→ **Required action**
Below is a listing. Quote from it, exactly, the lines from the one containing "using p_mult_one_minus_rate by" down to the one containing "real n powr (2", both ends included, and nothing else.

---

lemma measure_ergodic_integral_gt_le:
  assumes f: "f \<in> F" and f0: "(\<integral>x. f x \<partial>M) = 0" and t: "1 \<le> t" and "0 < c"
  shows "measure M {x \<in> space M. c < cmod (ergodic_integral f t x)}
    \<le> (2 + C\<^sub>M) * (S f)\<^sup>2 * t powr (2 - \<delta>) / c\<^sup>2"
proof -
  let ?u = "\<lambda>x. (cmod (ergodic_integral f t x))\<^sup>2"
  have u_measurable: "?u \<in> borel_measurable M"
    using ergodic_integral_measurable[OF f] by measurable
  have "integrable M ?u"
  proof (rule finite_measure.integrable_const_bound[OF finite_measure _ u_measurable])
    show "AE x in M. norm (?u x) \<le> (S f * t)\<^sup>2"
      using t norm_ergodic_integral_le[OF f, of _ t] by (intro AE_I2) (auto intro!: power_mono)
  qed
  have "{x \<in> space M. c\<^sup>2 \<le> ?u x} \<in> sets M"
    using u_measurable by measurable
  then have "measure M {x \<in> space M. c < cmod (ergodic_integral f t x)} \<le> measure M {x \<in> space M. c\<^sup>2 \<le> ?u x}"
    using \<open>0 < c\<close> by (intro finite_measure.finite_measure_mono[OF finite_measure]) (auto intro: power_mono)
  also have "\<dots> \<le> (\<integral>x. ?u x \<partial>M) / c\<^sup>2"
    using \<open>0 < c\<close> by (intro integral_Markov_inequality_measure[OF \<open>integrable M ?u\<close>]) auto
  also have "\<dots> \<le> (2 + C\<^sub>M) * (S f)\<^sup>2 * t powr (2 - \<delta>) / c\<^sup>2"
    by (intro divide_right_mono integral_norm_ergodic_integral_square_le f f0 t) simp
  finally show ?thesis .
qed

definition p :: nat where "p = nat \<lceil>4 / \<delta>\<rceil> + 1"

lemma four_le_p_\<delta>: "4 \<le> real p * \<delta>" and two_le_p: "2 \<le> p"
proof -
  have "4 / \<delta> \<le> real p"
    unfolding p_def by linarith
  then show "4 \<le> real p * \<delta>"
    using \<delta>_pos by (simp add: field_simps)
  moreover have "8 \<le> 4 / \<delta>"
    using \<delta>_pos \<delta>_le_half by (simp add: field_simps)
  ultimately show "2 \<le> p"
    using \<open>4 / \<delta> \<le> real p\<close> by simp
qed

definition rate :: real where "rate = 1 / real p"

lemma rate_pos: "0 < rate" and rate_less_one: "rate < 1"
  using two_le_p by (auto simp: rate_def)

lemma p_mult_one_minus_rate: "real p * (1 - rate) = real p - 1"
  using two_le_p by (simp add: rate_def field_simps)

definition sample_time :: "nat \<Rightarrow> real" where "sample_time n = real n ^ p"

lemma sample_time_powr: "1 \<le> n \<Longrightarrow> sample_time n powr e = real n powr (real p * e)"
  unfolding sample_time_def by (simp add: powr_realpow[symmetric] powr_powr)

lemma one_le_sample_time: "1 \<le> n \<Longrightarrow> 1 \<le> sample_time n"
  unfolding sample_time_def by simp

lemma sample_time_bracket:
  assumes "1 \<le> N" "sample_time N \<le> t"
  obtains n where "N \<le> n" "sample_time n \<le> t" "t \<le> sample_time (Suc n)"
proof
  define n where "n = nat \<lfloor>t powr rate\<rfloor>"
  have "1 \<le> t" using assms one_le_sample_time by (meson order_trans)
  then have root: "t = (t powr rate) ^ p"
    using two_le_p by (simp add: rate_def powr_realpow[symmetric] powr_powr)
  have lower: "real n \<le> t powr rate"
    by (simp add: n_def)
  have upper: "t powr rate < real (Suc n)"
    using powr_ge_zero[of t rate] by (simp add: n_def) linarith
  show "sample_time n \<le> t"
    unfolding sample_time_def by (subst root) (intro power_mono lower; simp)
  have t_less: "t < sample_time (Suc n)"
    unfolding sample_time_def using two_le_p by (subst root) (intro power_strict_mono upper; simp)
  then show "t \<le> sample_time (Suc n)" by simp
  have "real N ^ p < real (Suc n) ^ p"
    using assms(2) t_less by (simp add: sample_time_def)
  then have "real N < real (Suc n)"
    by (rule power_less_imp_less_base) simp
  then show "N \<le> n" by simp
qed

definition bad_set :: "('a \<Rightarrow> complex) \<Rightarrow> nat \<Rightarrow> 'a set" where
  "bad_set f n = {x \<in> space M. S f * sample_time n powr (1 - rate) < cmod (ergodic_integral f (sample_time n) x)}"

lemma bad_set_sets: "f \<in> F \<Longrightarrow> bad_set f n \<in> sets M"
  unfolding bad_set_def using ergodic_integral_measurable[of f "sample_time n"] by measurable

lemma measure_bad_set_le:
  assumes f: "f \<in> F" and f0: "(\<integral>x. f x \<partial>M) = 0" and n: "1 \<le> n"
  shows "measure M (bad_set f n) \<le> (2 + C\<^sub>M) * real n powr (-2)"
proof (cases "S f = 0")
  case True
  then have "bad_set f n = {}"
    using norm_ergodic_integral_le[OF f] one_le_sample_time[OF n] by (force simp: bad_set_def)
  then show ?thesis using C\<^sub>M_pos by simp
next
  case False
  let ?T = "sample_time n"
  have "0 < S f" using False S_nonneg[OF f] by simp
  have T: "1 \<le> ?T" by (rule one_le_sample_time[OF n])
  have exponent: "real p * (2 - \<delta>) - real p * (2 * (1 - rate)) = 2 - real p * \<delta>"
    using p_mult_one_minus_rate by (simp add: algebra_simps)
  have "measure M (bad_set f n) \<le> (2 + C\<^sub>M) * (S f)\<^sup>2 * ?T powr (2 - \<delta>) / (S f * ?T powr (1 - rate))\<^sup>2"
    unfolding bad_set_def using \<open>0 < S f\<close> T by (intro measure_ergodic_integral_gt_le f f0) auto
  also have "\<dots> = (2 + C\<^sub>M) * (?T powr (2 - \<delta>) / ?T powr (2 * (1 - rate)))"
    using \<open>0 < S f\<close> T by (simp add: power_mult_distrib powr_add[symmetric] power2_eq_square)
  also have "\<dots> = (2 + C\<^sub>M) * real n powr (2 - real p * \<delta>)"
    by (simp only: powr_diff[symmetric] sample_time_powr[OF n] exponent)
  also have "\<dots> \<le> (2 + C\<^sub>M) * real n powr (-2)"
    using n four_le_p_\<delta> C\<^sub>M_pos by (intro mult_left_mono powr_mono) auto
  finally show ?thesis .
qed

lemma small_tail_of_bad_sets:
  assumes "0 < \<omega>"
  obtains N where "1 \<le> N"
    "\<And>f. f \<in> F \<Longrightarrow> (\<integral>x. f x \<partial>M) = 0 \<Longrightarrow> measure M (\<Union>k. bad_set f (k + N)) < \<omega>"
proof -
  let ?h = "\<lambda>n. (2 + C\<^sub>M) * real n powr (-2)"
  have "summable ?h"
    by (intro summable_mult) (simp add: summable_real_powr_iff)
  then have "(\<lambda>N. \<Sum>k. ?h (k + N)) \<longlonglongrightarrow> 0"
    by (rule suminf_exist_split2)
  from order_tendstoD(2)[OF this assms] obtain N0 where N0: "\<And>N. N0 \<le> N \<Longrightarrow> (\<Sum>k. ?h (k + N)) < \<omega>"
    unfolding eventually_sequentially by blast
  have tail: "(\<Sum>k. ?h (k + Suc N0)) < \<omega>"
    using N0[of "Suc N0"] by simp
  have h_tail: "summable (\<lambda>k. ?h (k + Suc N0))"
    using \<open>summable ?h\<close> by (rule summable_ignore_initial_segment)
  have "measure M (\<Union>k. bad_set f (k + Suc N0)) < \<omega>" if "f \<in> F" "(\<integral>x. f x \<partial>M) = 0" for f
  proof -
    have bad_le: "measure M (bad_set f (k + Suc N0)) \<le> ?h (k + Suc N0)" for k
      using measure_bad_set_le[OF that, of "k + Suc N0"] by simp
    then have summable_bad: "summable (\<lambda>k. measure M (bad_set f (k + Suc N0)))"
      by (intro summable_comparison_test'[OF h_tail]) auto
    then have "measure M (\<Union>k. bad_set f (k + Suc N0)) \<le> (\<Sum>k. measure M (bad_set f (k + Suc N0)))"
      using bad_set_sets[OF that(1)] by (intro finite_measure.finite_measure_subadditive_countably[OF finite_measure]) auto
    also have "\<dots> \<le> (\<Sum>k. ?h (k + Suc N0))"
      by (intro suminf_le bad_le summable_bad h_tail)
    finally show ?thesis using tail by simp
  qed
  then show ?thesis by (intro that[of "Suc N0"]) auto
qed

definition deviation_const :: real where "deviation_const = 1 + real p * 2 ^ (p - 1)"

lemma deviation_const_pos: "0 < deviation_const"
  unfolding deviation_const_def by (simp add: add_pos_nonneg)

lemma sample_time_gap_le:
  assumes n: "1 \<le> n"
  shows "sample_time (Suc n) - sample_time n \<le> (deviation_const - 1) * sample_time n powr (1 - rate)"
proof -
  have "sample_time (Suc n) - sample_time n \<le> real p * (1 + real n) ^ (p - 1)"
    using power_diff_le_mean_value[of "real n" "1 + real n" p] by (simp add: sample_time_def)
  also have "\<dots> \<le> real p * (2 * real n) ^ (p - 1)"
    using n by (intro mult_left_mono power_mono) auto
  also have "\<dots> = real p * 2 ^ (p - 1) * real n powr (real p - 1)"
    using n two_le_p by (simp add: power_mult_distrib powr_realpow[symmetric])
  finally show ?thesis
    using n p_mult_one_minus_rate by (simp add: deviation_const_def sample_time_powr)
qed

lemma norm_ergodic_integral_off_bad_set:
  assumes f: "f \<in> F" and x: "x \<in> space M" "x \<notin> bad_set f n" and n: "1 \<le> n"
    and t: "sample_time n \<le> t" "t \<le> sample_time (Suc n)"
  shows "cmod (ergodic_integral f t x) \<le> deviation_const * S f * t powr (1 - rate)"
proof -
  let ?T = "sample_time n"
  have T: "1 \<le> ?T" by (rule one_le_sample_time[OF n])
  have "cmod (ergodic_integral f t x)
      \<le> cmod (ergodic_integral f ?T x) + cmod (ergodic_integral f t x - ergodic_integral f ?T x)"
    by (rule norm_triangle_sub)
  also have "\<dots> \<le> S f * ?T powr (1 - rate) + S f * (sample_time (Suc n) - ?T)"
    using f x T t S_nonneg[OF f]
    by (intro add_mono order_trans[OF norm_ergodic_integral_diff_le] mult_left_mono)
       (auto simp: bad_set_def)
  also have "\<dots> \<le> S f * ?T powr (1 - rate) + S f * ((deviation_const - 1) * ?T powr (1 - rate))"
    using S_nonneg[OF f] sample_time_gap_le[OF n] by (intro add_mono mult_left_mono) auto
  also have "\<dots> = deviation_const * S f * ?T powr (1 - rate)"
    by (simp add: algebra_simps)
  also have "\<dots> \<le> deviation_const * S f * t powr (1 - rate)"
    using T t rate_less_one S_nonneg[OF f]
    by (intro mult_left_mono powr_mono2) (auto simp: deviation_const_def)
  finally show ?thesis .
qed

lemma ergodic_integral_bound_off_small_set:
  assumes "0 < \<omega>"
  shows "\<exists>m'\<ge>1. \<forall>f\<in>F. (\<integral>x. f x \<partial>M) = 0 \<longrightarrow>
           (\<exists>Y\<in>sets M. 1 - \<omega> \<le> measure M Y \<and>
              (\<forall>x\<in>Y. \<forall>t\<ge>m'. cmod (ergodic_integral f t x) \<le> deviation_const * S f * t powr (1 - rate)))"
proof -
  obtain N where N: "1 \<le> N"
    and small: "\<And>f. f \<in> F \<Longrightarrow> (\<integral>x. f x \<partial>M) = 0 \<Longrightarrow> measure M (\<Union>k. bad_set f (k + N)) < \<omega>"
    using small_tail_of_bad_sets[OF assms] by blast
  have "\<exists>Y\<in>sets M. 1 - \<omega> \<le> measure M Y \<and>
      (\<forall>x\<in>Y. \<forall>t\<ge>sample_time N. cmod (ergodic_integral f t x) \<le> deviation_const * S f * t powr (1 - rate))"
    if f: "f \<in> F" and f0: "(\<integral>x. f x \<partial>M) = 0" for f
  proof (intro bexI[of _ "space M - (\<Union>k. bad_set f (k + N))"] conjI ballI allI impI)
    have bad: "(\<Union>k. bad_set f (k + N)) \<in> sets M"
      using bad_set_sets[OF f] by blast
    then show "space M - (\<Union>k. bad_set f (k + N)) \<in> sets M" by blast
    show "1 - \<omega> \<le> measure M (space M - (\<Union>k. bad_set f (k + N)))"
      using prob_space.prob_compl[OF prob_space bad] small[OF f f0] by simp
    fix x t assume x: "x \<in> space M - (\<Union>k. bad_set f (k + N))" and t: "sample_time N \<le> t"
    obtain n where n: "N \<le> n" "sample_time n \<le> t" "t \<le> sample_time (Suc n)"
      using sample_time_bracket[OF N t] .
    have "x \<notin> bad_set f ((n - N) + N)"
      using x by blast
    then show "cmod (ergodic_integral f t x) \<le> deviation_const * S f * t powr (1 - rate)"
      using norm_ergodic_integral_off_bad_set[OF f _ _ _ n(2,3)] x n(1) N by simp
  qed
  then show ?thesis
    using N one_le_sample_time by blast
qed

---

→ **Task answer**
    using p_mult_one_minus_rate by (simp add: algebra_simps)
  have "measure M (bad_set f n) \<le> (2 + C\<^sub>M) * (S f)\<^sup>2 * ?T powr (2 - \<delta>) / (S f * ?T powr (1 - rate))\<^sup>2"
    unfolding bad_set_def using \<open>0 < S f\<close> T by (intro measure_ergodic_integral_gt_le f f0) auto
  also have "\<dots> = (2 + C\<^sub>M) * (?T powr (2 - \<delta>) / ?T powr (2 * (1 - rate)))"
    using \<open>0 < S f\<close> T by (simp add: power_mult_distrib powr_add[symmetric] power2_eq_square)
  also have "\<dots> = (2 + C\<^sub>M) * real n powr (2 - real p * \<delta>)"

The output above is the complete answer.